__TASK OBJECTIVE__. Among the lines of the records below, copy those that hold the word "theory".

__RECORDS PROVIDED__.
lemma reduction_measure_loc_s_off_zeta:
  assumes "finite (verts H)" "inj_on snd T" "e \<in> T" "off_zeta H e" "snd e \<in> verts H"
  shows "reduction_measure (loc_s (snd e) H) (iso_s H (snd e) ` T) < reduction_measure H T"
proof -
  let ?v = "snd e"
  \<comment> \<open>\<open>s\<close> at \<open>v\<close> exchanges \<open>\<phi>(v)\<close> with the off-circuit element at \<open>v\<close>, and fixes \<open>\<phi>\<close>-elements elsewhere\<close>
  have "iso_s H ?v e = (Phi, ?v)"
    using assms(4) by (cases e; rename_tac t x; case_tac t) (auto simp: off_zeta_def zeta_centre_def iso_s_def split: if_splits)
  then have "?v \<in> phi_support (iso_s H ?v ` T)"
    using assms(3) by (force simp: phi_support_def)
  moreover have "?v \<notin> phi_support T"
  proof
    assume "?v \<in> phi_support T"
    then have "e = (Phi, ?v)"
      using assms(2,3) by (metis inj_onD mem_Collect_eq phi_support_def snd_conv)
    then show False
      using assms(4) by (metis fst_conv off_zeta_def)
  qed
  moreover have "u \<in> phi_support (iso_s H ?v ` T)" if "u \<in> phi_support T" for u
  proof -
    have "u \<noteq> ?v"
      using that \<open>?v \<notin> phi_support T\<close> by blast
    then have "iso_s H ?v (Phi, u) = (Phi, u)"
      by (simp add: iso_s_def)
    then show ?thesis
      using that by (force simp: phi_support_def)
  qed
  ultimately have "verts H - phi_support (iso_s H ?v ` T) \<subset> verts H - phi_support T"
    using assms(5) by blast
  then have "card (verts H - phi_support (iso_s H ?v ` T)) < card (verts H - phi_support T)"
    using assms(1) by (meson finite_Diff psubset_card_mono)
  then show ?thesis
    unfolding reduction_measure_def by simp
qed

lemma reduction_measure_loc_s_uncovered_neighbour:
  assumes "lsg H" "\<forall>e\<in>T. \<not> off_zeta H e" "zeta_centre H x \<in> T" "adj H x w" "(Phi, w) \<notin> T"
  shows "reduction_measure (loc_s w H) (iso_s H w ` T) < reduction_measure H T"
proof -
  have fin: "finite (verts H)"
    using assms(1) by (simp add: lsg_def)
  have "u \<in> phi_support (iso_s H w ` T)" if "u \<in> phi_support T" for u
  proof -
    have "iso_s H w (Phi, u) = (Phi, u)"
      using that assms(5) by (auto simp: iso_s_def phi_support_def)
    then show ?thesis
      using that by (force simp: phi_support_def)
  qed
  then have "card (verts H - phi_support (iso_s H w ` T)) \<le> card (verts H - phi_support T)"
    using fin by (intro card_mono) auto
  \<comment> \<open>\<open>s\<close> at \<open>w\<close> swaps \<open>\<chi>(x)\<close> and \<open>\<psi>(x)\<close> for the neighbour \<open>x\<close> but keeps its loop\<close>
  moreover have "off_zeta (loc_s w H) (iso_s H w (zeta_centre H x))"
    using assms(1,4) lsg_adj_sym[OF assms(1)] lsg_not_adj_self[OF assms(1)]
    by (auto simp: off_zeta_def iso_s_def zeta_centre_def nbhd_def)
  ultimately show ?thesis
    using assms(2,3) unfolding reduction_measure_def by fastforce
qed
(* Let $G$ be an undirected graph with double cover $H$, let $\alpha\in(0,1]$, $s\in\mathbb{R}^{2n}_{\ge0}$ and a nonnegative residual $r\in\mathbb{R}^{2n}_{\ge0}$, and let $\mathrm{apr}(\alpha,s,r)$ be the approximate PageRank vector defined with respect to $H$. Then $p=\sigma\circ\mathrm{apr}(\alpha,s,r)$ satisfies, for every $u\in V_G$, \[p(u_1)\le\alpha\big(s(u_1)+r(u_2)\big)+(1-\alpha)(pW)(u_1),\qquad p(u_2)\le\alpha\big(s(u_2)+r(u_1)\big)+(1-\alpha)(pW)(u_2).\]
   Context: $G$ has $n$ vertices. The double cover $H$ has vertices $v_1,v_2$ per $v\in V_G$ and edges $\{u_1,v_2\},\{u_2,v_1\}$ per $\{u,v\}\in E_G$. $W=\frac12(I+D_H^{-1}A_H)$ is the lazy random walk matrix of $H$ (row vectors act by $p\mapsto pW$). $\mathrm{pr}(\alpha,s)$ is the unique solution of $\mathrm{pr}=\alpha s+(1-\alpha)\mathrm{pr}\,W$; $\mathrm{apr}(\alpha,s,r)$ is the vector $q$ with $q+\mathrm{pr}(\alpha,r)=\mathrm{pr}(\alpha,s)$. The simplify operator is given by $(\sigma\circ p)(u_1)=\max(0,p(u_1)-p(u_2))$, $(\sigma\circ p)(u_2)=\max(0,p(u_2)-p(u_1))$ for $p\in\mathbb{R}^{2n}$. *)

theory Defs
  imports Complex_Main
begin

text \<open>Double cover H: vertex set 'v \<times> bool, where (u, False) is u_1 and (u, True) is u_2.\<close>

definition dc_adj :: "('v \<Rightarrow> 'v \<Rightarrow> bool) \<Rightarrow> ('v \<times> bool) \<Rightarrow> ('v \<times> bool) \<Rightarrow> bool" where
  "dc_adj E x y = (E (fst x) (fst y) \<and> snd x \<noteq> snd y)"

definition dc_deg :: "('v \<Rightarrow> 'v \<Rightarrow> bool) \<Rightarrow> ('v \<times> bool) \<Rightarrow> real" where
  "dc_deg E x = real (card {y. dc_adj E x y})"

definition lazy_walk :: "('v \<Rightarrow> 'v \<Rightarrow> bool) \<Rightarrow> ('v \<times> bool) \<Rightarrow> ('v \<times> bool) \<Rightarrow> real" where
  "lazy_walk E x y = (1/2) * ((if x = y then 1 else 0)
        + (if dc_adj E x y then 1 else 0) / dc_deg E x)"

definition vecmat :: "('a::finite \<Rightarrow> real) \<Rightarrow> ('a \<Rightarrow> 'a \<Rightarrow> real) \<Rightarrow> 'a \<Rightarrow> real" where
  "vecmat p M y = (\<Sum>x\<in>UNIV. p x * M x y)"

definition pagerank :: "('v::finite \<Rightarrow> 'v \<Rightarrow> bool) \<Rightarrow> real \<Rightarrow> ('v \<times> bool \<Rightarrow> real) \<Rightarrow> ('v \<times> bool \<Rightarrow> real)" where
  "pagerank E \<alpha> s = (THE pr. \<forall>x. pr x = \<alpha> * s x + (1 - \<alpha>) * vecmat pr (lazy_walk E) x)"

definition apr :: "('v::finite \<Rightarrow> 'v \<Rightarrow> bool) \<Rightarrow> real \<Rightarrow> ('v \<times> bool \<Rightarrow> real) \<Rightarrow> ('v \<times> bool \<Rightarrow> real) \<Rightarrow> ('v \<times> bool \<Rightarrow> real)" where
  "apr E \<alpha> s r = (\<lambda>x. pagerank E \<alpha> s x - pagerank E \<alpha> r x)"

definition simplify :: "('v \<times> bool \<Rightarrow> real) \<Rightarrow> ('v \<times> bool \<Rightarrow> real)" where
  "simplify p = (\<lambda>(u, i). max 0 (p (u, i) - p (u, \<not> i)))"

end

theory Submission imports Defs "HOL-Analysis.Analysis" begin

text \<open>By linearity, apr(\<alpha>, s, r) solves x = \<alpha> (s - r) + (1 - \<alpha>) x W; such solutions are
  unique since W is substochastic. The lazy walk of the double cover commutes with the
  involution u_1 \<leftrightarrow> u_2, so x(u_1) - x(u_2) solves the same kind of equation with
  right-hand side (s - r)(u_1) - (s - r)(u_2). Taking positive parts only weakens the
  walk term, since xW(u_1) - xW(u_2) = (x - x \<circ> swap)W(u_1) \<le> (\<sigma> \<circ> x)W(u_1), and the
  positive part of (s - r)(u_1) - (s - r)(u_2) is at most s(u_1) + r(u_2).\<close>

lemma vecmat_diff: "vecmat (\<lambda>x. p x - q x) M y = vecmat p M y - vecmat q M y"
  unfolding vecmat_def by (simp add: left_diff_distrib sum_subtractf)

lemma vecmat_mono:
  assumes "\<And>x. p x \<le> q x" and "\<And>x. 0 \<le> M x y"
  shows "vecmat p M y \<le> vecmat q M y"
  unfolding vecmat_def by (intro sum_mono mult_right_mono) (use assms in auto)

lemma vecmat_nonneg:
  assumes "\<And>x. 0 \<le> p x" and "\<And>x. 0 \<le> M x y"
  shows "0 \<le> vecmat p M y"
  unfolding vecmat_def using assms by (simp add: sum_nonneg)

lemma substochastic_fixpoint_zero:
  fixes M :: "'a::finite \<Rightarrow> 'a \<Rightarrow> real"
  assumes M_nonneg: "\<And>x y. 0 \<le> M x y" and M_rows: "\<And>x. (\<Sum>y\<in>UNIV. M x y) \<le> 1"
    and \<alpha>: "0 < \<alpha>" "\<alpha> \<le> 1"
    and v: "\<And>y. v y = (1 - \<alpha>) * vecmat v M y"
  shows "v = (\<lambda>_. 0)"
proof -
  have "(\<Sum>y\<in>UNIV. \<bar>v y\<bar>) \<le> (\<Sum>y\<in>UNIV. (1 - \<alpha>) * vecmat (\<lambda>x. \<bar>v x\<bar>) M y)"
  proof (rule sum_mono)
    fix y
    have "\<bar>vecmat v M y\<bar> \<le> vecmat (\<lambda>x. \<bar>v x\<bar>) M y"
      unfolding vecmat_def using sum_abs[of "\<lambda>x. v x * M x y" UNIV] M_nonneg
      by (simp add: abs_mult)
    then show "\<bar>v y\<bar> \<le> (1 - \<alpha>) * vecmat (\<lambda>x. \<bar>v x\<bar>) M y"
      using \<alpha> v[of y] by (simp add: abs_mult mult_left_mono)
  qed
  also have "\<dots> = (1 - \<alpha>) * (\<Sum>x\<in>UNIV. \<bar>v x\<bar> * (\<Sum>y\<in>UNIV. M x y))"
    unfolding vecmat_def sum_distrib_left[symmetric]
    by (subst sum.swap) (simp only: sum_distrib_left)
  also have "\<dots> \<le> (1 - \<alpha>) * (\<Sum>x\<in>UNIV. \<bar>v x\<bar>)"
    using \<alpha> M_rows by (intro mult_left_mono sum_mono) (auto intro: mult_left_le)
  finally have "\<alpha> * (\<Sum>x\<in>UNIV. \<bar>v x\<bar>) \<le> 0"
    by (simp add: algebra_simps)
  moreover have "0 \<le> (\<Sum>x\<in>UNIV. \<bar>v x\<bar>)"
    by (simp add: sum_nonneg)
  ultimately have "(\<Sum>x\<in>UNIV. \<bar>v x\<bar>) = 0"
    using \<alpha> by (auto simp: mult_le_0_iff)
  then show ?thesis
    by (auto simp: sum_nonneg_eq_0_iff)
qed

lemma substochastic_fixpoint_unique:
  fixes M :: "'a::finite \<Rightarrow> 'a \<Rightarrow> real"
  assumes "\<And>x y. 0 \<le> M x y" and "\<And>x. (\<Sum>y\<in>UNIV. M x y) \<le> 1"
    and "0 < \<alpha>" "\<alpha> \<le> 1"
    and p: "\<And>x. p x = \<alpha> * d x + (1 - \<alpha>) * vecmat p M x"
    and q: "\<And>x. q x = \<alpha> * d x + (1 - \<alpha>) * vecmat q M x"
  shows "p = q"
proof -
  have "(\<lambda>x. p x - q x) = (\<lambda>_. 0)"
  proof (rule substochastic_fixpoint_zero[OF assms(1-4)])
    show "p y - q y = (1 - \<alpha>) * vecmat (\<lambda>x. p x - q x) M y" for y
      by (subst p, subst q) (simp add: vecmat_diff algebra_simps)
  qed
  then show ?thesis
    by (simp add: fun_eq_iff)
qed

text \<open>Existence is finite-dimensional linear algebra: the map x \<mapsto> x - (1 - \<alpha>) x M
  is injective by the previous lemma, hence surjective.\<close>

lemma substochastic_fixpoint_exists:
  fixes M :: "'a::finite \<Rightarrow> 'a \<Rightarrow> real"
  assumes "\<And>x y. 0 \<le> M x y" and "\<And>x. (\<Sum>y\<in>UNIV. M x y) \<le> 1"
    and "0 < \<alpha>" "\<alpha> \<le> 1"
  shows "\<exists>p. \<forall>x. p x = \<alpha> * d x + (1 - \<alpha>) * vecmat p M x"
proof -
  define F :: "real^'a \<Rightarrow> real^'a"
    where "F v = (\<chi> y. v$y - (1 - \<alpha>) * vecmat (($) v) M y)" for v
  have lin: "linear F"
    by (rule linearI)
      (simp_all add: F_def vec_eq_iff vecmat_def sum.distrib sum_distrib_left algebra_simps)
  have "inj F"
    unfolding linear_injective_0[OF lin]
  proof (intro allI impI)
    fix v assume "F v = 0"
    then have "v$y = (1 - \<alpha>) * vecmat (($) v) M y" for y
      by (simp add: F_def vec_eq_iff)
    then have "($) v = (\<lambda>_. 0)"
      by (rule substochastic_fixpoint_zero[OF assms])
    then show "v = 0"
      by (simp add: vec_eq_iff fun_eq_iff)
  qed
  then obtain v where "F v = (\<chi> x. \<alpha> * d x)"
    using linear_inj_imp_surj[OF lin] by (metis surjD)
  then have "\<forall>x. v$x = \<alpha> * d x + (1 - \<alpha>) * vecmat (($) v) M x"
    by (simp add: F_def vec_eq_iff algebra_simps)
  then show ?thesis
    by blast
qed

lemma substochastic_fixpoint_ex1:
  fixes M :: "'a::finite \<Rightarrow> 'a \<Rightarrow> real"
  assumes "\<And>x y. 0 \<le> M x y" and "\<And>x. (\<Sum>y\<in>UNIV. M x y) \<le> 1"
    and "0 < \<alpha>" "\<alpha> \<le> 1"
  shows "\<exists>!p. \<forall>x. p x = \<alpha> * d x + (1 - \<alpha>) * vecmat p M x"
proof (rule ex_ex1I)
  show "\<exists>p. \<forall>x. p x = \<alpha> * d x + (1 - \<alpha>) * vecmat p M x"
    by (rule substochastic_fixpoint_exists[OF assms])
  show "p = q" if "\<forall>x. p x = \<alpha> * d x + (1 - \<alpha>) * vecmat p M x"
    and "\<forall>x. q x = \<alpha> * d x + (1 - \<alpha>) * vecmat q M x" for p q
    using substochastic_fixpoint_unique[where M = M, OF assms] that by blast
qed

lemma lazy_walk_nonneg: "0 \<le> lazy_walk E x y"
  unfolding lazy_walk_def dc_deg_def by auto

lemma lazy_walk_row_sum_le_1:
  "(\<Sum>y\<in>UNIV. lazy_walk (E :: 'v::finite \<Rightarrow> 'v \<Rightarrow> bool) x y) \<le> 1"
proof -
  have "(\<Sum>y\<in>UNIV. (if dc_adj E x y then 1 else 0) / dc_deg E x) \<le> (1::real)"
    unfolding dc_deg_def
    by (simp add: sum_divide_distrib[symmetric] sum.If_cases divide_le_eq_1)
  moreover have "(\<Sum>y\<in>UNIV. lazy_walk E x y) = 1/2 * ((\<Sum>y\<in>UNIV. if x = y then 1 else 0)
      + (\<Sum>y\<in>UNIV. (if dc_adj E x y then 1 else 0) / dc_deg E x))"
    unfolding lazy_walk_def by (simp only: sum.distrib[symmetric] sum_distrib_left)
  ultimately show ?thesis
    by simp
qed

lemma pagerank_fixpoint:
  fixes E :: "'v::finite \<Rightarrow> 'v \<Rightarrow> bool"
  assumes "0 < \<alpha>" "\<alpha> \<le> 1"
  shows "pagerank E \<alpha> s x = \<alpha> * s x + (1 - \<alpha>) * vecmat (pagerank E \<alpha> s) (lazy_walk E) x"
proof -
  have "\<exists>!p. \<forall>x. p x = \<alpha> * s x + (1 - \<alpha>) * vecmat p (lazy_walk E) x"
    by (rule substochastic_fixpoint_ex1[OF lazy_walk_nonneg lazy_walk_row_sum_le_1 assms])
  from theI'[OF this] show ?thesis
    unfolding pagerank_def by blast
qed

lemma apr_fixpoint:
  fixes E :: "'v::finite \<Rightarrow> 'v \<Rightarrow> bool"
  assumes "0 < \<alpha>" "\<alpha> \<le> 1"
  shows "apr E \<alpha> s r x
    = \<alpha> * (s x - r x) + (1 - \<alpha>) * vecmat (apr E \<alpha> s r) (lazy_walk E) x"
  unfolding apr_def
  using pagerank_fixpoint[OF assms, of E s x] pagerank_fixpoint[OF assms, of E r x]
  by (simp add: vecmat_diff algebra_simps)

definition dc_swap :: "'v \<times> bool \<Rightarrow> 'v \<times> bool" where
  "dc_swap x = (fst x, \<not> snd x)"

lemma dc_swap_Pair [simp]: "dc_swap (u, i) = (u, \<not> i)"
  by (simp add: dc_swap_def)

lemma dc_swap_swap [simp]: "dc_swap (dc_swap x) = x"
  by (simp add: dc_swap_def)

lemma dc_swap_inject [simp]: "dc_swap x = dc_swap y \<longleftrightarrow> x = y"
  by (metis dc_swap_swap)

lemma bij_dc_swap: "bij dc_swap"
  by (metis bijI' dc_swap_swap)

lemma dc_adj_swap: "dc_adj E (dc_swap x) (dc_swap y) = dc_adj E x y"
  by (simp add: dc_adj_def dc_swap_def)

lemma dc_deg_swap: "dc_deg E (dc_swap x) = dc_deg E x"
proof -
  have "y \<in> dc_swap ` {y. dc_adj E x y} \<longleftrightarrow> dc_adj E (dc_swap x) y" for y
    using dc_adj_swap[of E "dc_swap x" y] by (metis dc_swap_swap image_iff mem_Collect_eq)
  then have "{y. dc_adj E (dc_swap x) y} = dc_swap ` {y. dc_adj E x y}"
    by blast
  then show ?thesis
    unfolding dc_deg_def
    using card_image[OF inj_on_subset[OF bij_is_inj[OF bij_dc_swap] subset_UNIV]] by simp
qed

lemma lazy_walk_swap: "lazy_walk E (dc_swap x) (dc_swap y) = lazy_walk E x y"
  by (simp add: lazy_walk_def dc_deg_swap dc_adj_swap)

lemma vecmat_swap:
  assumes "\<And>x y. M (dc_swap x) (dc_swap y) = M x y"
  shows "vecmat p M (dc_swap y) = vecmat (\<lambda>x. p (dc_swap x)) M y"
  unfolding vecmat_def
  by (subst sum.reindex_bij_betw[OF bij_dc_swap, symmetric]) (simp add: assms)

lemma simplify_eq: "simplify p x = max 0 (p x - p (dc_swap x))"
  by (cases x) (simp add: simplify_def dc_swap_def)

lemma simplify_subsolution:
  fixes M :: "'v::finite \<times> bool \<Rightarrow> 'v \<times> bool \<Rightarrow> real"
  assumes M_nonneg: "\<And>x y. 0 \<le> M x y" and M_swap: "\<And>x y. M (dc_swap x) (dc_swap y) = M x y"
    and \<alpha>: "0 \<le> \<alpha>" "\<alpha> \<le> 1"
    and p: "\<And>x. p x = \<alpha> * d x + (1 - \<alpha>) * vecmat p M x"
  shows "simplify p y \<le> \<alpha> * simplify d y + (1 - \<alpha>) * vecmat (simplify p) M y"
proof -
  have "vecmat p M y - vecmat p M (dc_swap y) = vecmat (\<lambda>x. p x - p (dc_swap x)) M y"
    by (simp add: vecmat_swap[where M = M, OF M_swap] vecmat_diff)
  also have "\<dots> \<le> vecmat (simplify p) M y"
    by (rule vecmat_mono) (simp_all add: simplify_eq M_nonneg)
  finally have walk: "vecmat p M y - vecmat p M (dc_swap y) \<le> vecmat (simplify p) M y" .
  have "p y - p (dc_swap y)
      = \<alpha> * (d y - d (dc_swap y)) + (1 - \<alpha>) * (vecmat p M y - vecmat p M (dc_swap y))"
    by (subst (1 2) p) (simp add: algebra_simps)
  also have "\<dots> \<le> \<alpha> * simplify d y + (1 - \<alpha>) * vecmat (simplify p) M y"
    using \<alpha> walk by (intro add_mono mult_left_mono) (simp_all add: simplify_eq)
  finally show ?thesis
    using \<alpha> by (simp add: simplify_eq vecmat_nonneg M_nonneg)
qed

lemma simplify_diff_le:
  assumes "\<And>x. 0 \<le> s x" and "\<And>x. 0 \<le> r x"
  shows "simplify (\<lambda>x. s x - r x) y \<le> s y + r (dc_swap y)"
  using assms(1)[of y] assms(1)[of "dc_swap y"] assms(2)[of y] assms(2)[of "dc_swap y"]
  by (simp add: simplify_eq)

theorem lemma5:
  fixes E :: "'v::finite \<Rightarrow> 'v \<Rightarrow> bool"
    and \<alpha> :: real and s r :: "'v \<times> bool \<Rightarrow> real"
  assumes undirected: "\<forall>u v. E u v = E v u"
    and alpha: "0 < \<alpha>" "\<alpha> \<le> 1"
    and s_nonneg: "\<forall>x. 0 \<le> s x"
    and r_nonneg: "\<forall>x. 0 \<le> r x"
  shows "\<forall>u. simplify (apr E \<alpha> s r) (u, False)
              \<le> \<alpha> * (s (u, False) + r (u, True))
                + (1 - \<alpha>) * vecmat (simplify (apr E \<alpha> s r)) (lazy_walk E) (u, False)
          \<and> simplify (apr E \<alpha> s r) (u, True)
              \<le> \<alpha> * (s (u, True) + r (u, False))
                + (1 - \<alpha>) * vecmat (simplify (apr E \<alpha> s r)) (lazy_walk E) (u, True)"
proof -
  have "simplify (apr E \<alpha> s r) y
      \<le> \<alpha> * (s y + r (dc_swap y)) + (1 - \<alpha>) * vecmat (simplify (apr E \<alpha> s r)) (lazy_walk E) y"
    for y
  proof -
    have "simplify (apr E \<alpha> s r) y
        \<le> \<alpha> * simplify (\<lambda>x. s x - r x) y + (1 - \<alpha>) * vecmat (simplify (apr E \<alpha> s r)) (lazy_walk E) y"
      using alpha
      by (intro simplify_subsolution lazy_walk_nonneg lazy_walk_swap apr_fixpoint) simp_all
    also have "\<dots> \<le> \<alpha> * (s y + r (dc_swap y)) + (1 - \<alpha>) * vecmat (simplify (apr E \<alpha> s r)) (lazy_walk E) y"
      using alpha
      by (intro add_mono mult_left_mono order.refl simplify_diff_le s_nonneg[rule_format]
          r_nonneg[rule_format]) simp
    finally show ?thesis .
  qed
  from this[of "(_, False)"] this[of "(_, True)"] show ?thesis
    by simp
qed

end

__ANSWER FOR THE TASK__.
theory Defs
theory Submission imports Defs "HOL-Analysis.Analysis" begin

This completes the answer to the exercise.